In table 1 the full list of PDEs (some well-known, others more obscure) and the chosen LPS generator are shown. The first PDEs are the diffusion (or linear heat) equation with different diffusion constants (1)–(3). The next ones are a non-linear heat equation (4), two non-linear filtration equations (5)–(6), and a potential filtration equation (7), respectively. What follows is a series of non-linear heat equations with various sources (8)–(21), Burger's equation (22), the potential form of Burger's equation (23), a generalized Hopf equation (24), and the Benjamin–Bona–Mahony (BBM) equation (25). The generators are expressed as vector fields using differential operators. Additionally, the encoding of these generators as coefficient matrices is done as was shown above. This encoding is quite straightforward, as we can normalize the coefficient of the vector field by normalizing the vectorized coefficient matrices. E.g. the normalization constants for G₁ and G₃ above are 1 and $1/\sqrt{3}$ respectively.
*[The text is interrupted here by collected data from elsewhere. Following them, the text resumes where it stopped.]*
text \<open>
  Multiplying by \<open>3 exp (z/2)\<close> turns \<open>c\<close>, \<open>s\<close>, \<open>d\<close> into
  \<open>H\<^sub>g z = exp (3z/2) + 2 cos (sqrt 3 z / 2 + g)\<close> with \<open>g = 0, -2\<pi>/3, 2\<pi>/3\<close>, and on the negative
  real axis \<open>H\<^sub>g (-x) = 2 F\<^sub>g x\<close> with \<open>F\<^sub>g x = cos (sqrt 3 x / 2 - g) + exp (-3x/2) / 2\<close>;
  up to sign, \<open>F\<^sub>g\<close> is \<open>Fc\<close>, \<open>Fs\<close>, \<open>Fd\<close>. The three functions are eigenfunctions of the rotation
  \<open>z \<mapsto> \<zeta>\<^sub>2 z\<close>, and every \<open>z \<noteq> 0\<close> can be rotated into the half plane \<open>Re z < 0\<close>. There a
  zero of \<open>H\<^sub>g\<close> must be real: the real part of \<open>H\<^sub>g z = 0\<close> makes the cosine of the phase small,
  and then the imaginary part is dominated by its \<open>sinh\<close> term.

  A positive root \<open>x\<close> of \<open>F\<^sub>g\<close> satisfies \<open>\<bar>cos (sqrt 3 x / 2 - g)\<bar> < 1/2\<close>, so its phase lies in
  a window \<open>(\<pi>n - 2\<pi>/3, \<pi>n - \<pi>/3)\<close>. On each such window \<open>F\<^sub>g\<close> changes sign and its derivative
  has no zero, so every window in \<open>x \<ge> 0\<close> holds exactly one root. Listing the windows gives the
  three root sequences, their simplicity and their interlacing.
\<close>

section \<open>The real equations\<close>

definition Fphase :: "real \<Rightarrow> real \<Rightarrow> real" where
  "Fphase g x = cos (sqrt 3 / 2 * x - g) + exp (- (3/2) * x) / 2"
Table 1. List of the PDEs and generator labels used in the supervised training of the LPS detector. To avoid one-to-one mappings of PDE to LPS generator, maximal overlap was chosen among the labels. Note that some are shared.

Index	PDE	Generator
1	$u_t = 0.1 u_{xx}$	$[2t, x,0]$
2	$u_t = 1.0 u_{xx}$	$[2t, x,0]$
3	$u_t = 10.0 u_{xx}$	$[2t, x,0]$
4	$u_t = (e^u u_x)_x$	$[2t, x,0]$
5	$u_t = e^{u_x} u_{xx}$	$[0,0,1]$
6	$u_t = \frac{u_{xx}}{(u_x)^2+1} e^{3 \text{arctan}(u_x)}$	$[0,0,1]$
7	$u_t = \text{arctan}(u_{xx})$	$[0,0,1]$
8	$u_t = (e^u u_x)_x + e^{-2u}$	$[2t, 3x/2,1]$
9	$u_t = (e^u u_x)_x + e^{-u}$	$[t,x,1]$
10	$u_t = (e^u u_x)_x - e^{u}$	$[t,0,-1]$
11	$u_t = (e^u u_x)_x - e^{2u}$	$[2t, x/2, -1]$
12	$u_t = (e^u u_x)_x+1$	$[0,x,2]$
13	$u_t = (e^u u_x)_x-1$	$[0,x,2]$
14	$u_t = u_{xx}-e^u$	$[2t,x,-2]$
15	$u_t = u_{xx}+u^{-1}$	$[2t,x,u]$
16	$u_t = u_{xx}+u^2$	$[2t,x,-2u]$
17	$u_t = u_{xx}-u^2$	$[2t,x,-2u]$
18	$u_t = u_{xx}+u$	$[2t,x,2tu]$
19	$u_t = u_{xx}-u$	$[2t,x,-2tu]$
20	$u_t = u_{xx}+1$	$[2t,x,2tu]$
21	$u_t = u_{xx}-1$	$[2t,x,-2tu]$
22	$u_t = u u_x + u_{xx}$	$[2t,x,-u]$
23	$u_t = u_{xx}+(u_x)^2$	$[0,0,1]$
24	$u_t = (e^u u_x)_x - uu_x$	$[t,t+x,1]$
25	$u_t = u u_x + u_{txx}$	$[t,0,-u]$

The generators were chosen such that are maximally shared across PDEs; in other words, we avoided generators that are unique in the sense that only a single PDE has them. Also, translations in x and t-directions were ignored for the sake of simplicity, as all PDEs considered share these particular symmetries due to their standardized form. Interestingly, while the time series are often similar to the naked eye, standard multi-layer perceptron (MLP) could still discern a meaningful signal for the classification of symmetries and even the type of PDE.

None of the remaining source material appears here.